Two weeks ago we finally hit a point that was beautiful, she would eat at 11pm and 6am and sleep from 8:30pm to 7-7:30am. I thought that here was a moment of reward for all of our hours of work and sleepless nights. but we are back.

Starting last weekend she gets up at least four times a night to eat because she won't take more than 3-4oz at a time, she wakes up between 4:30am and 5:45am and doesn't go to sleep until 9:30 or 10pm and I am a waitress right now so I don't get home until 11. Yesterday I worked a 12 hr shift on3.5 hours of sleep and this night was the same although thankfully i don't have to work today. I can't function on 4-5 hours of very broken sleep. I need an out. I want to fully embrace the tenets of attachment parenting but I can't even practice gentle discipline with a very trying 15month old if I don't get some more sleep and stop resenting her for ruling our entire home. I feel like I yell for toddler stuff all the time.
post #2 of 11
At 15 months, it's possible to night-wean. Or if you don't want to night-wean, to at least reduce the number of times you're willing to feed her.

CIO is not the only option. I hope you find something that works for you.
post #3 of 11
I would nightwean (google Dr. Jay Gordon Method) and/or have your DH take over part of the night. She is old enough to handle some changes. You don't have to CIO to get results. We nightweaned around 19 months and my DS went from waking every hour, to sleeping 5-8 hour stretches.
post #4 of 11
I agree with these ladies, it is time to night wean, my daughter woke up every 3 hours for a year and at 13 months I nightweaned her and boom she slept 10 to 6, it was amazing.

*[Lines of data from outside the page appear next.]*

section \<open>Expected degrees\<close>

locale poisson_pair =
  fixes M :: "'o measure" and Phi Psi :: "'o \<Rightarrow> pt set" and lam r :: real
  assumes prob_space: "prob_space M"
    and lam: "lam > 0" and r: "r > 0"
    and Phi: "poisson_counts M Phi 1"
    and Psi: "poisson_counts M Psi lam"
    and indep: "indep_counts M Phi Psi"
begin

abbreviation EN :: ennreal where
  "EN \<equiv> \<integral>\<^sup>+\<omega>. of_nat (deg_basic r (insert 0 (Phi \<omega>)) (Psi \<omega>)) \<partial>M"

abbreviation EN' :: ennreal where
  "EN' \<equiv> \<integral>\<^sup>+\<omega>. of_nat (deg_enh r (insert 0 (Phi \<omega>)) (Psi \<omega>)) \<partial>M"

lemma locally_finite_Phi: "\<omega> \<in> space M \<Longrightarrow> locally_finite_pts (Phi \<omega>)"
  using Phi by (simp add: poisson_counts_def locally_finite_pts_def)

lemma locally_finite_Psi: "\<omega> \<in> space M \<Longrightarrow> locally_finite_pts (Psi \<omega>)"
  using Psi by (simp add: poisson_counts_def locally_finite_pts_def)

lemma EN_le_EN': "EN \<le> EN'"
  by (intro nn_integral_mono of_nat_mono deg_basic_le_deg_enh locally_finite_Phi)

I used a bunch of techniques that did not include cio. Good luck and hang in there.
post #5 of 11
Oh you poor thing. I do know how you feel - a few of mine have done this. The way we handled it was to take turns at night. I have breastfed all of mine but with the 3 horrible night wakers I introduced a bottle after 12mths. I didn't see any need to express for this bottle if I didn't have time because they were eating all sorts of things so drinking something other than breastmilk or water wouldn't kill them. My hubby worked & I did not (but I did have other kids so couldn't go back to sleep with the baby through the day). Anyway, I would do Mon, Tue, Wed, night & hubby would do Thurs if it had been a really bad week & I really needed a break. Then he would always do Fri, Sat & Sun if I needed Sunday too. When it wasn't 'our' night with the baby we would make up a bed on the floor in the house as far from the baby as we could (so we couldn't hear). You would be amazed how much good just a couple of nights sleep make to your outlook. The suggestions of others to nightwean is good but I have never been able to achieve this myself - mine just eventually grew out of night waking. I suppose sleeping separately from your hubby doesn't do wonders for your relationship but it is a short term thing & you will be in a much better mood with each other if you aren't sleep deprived.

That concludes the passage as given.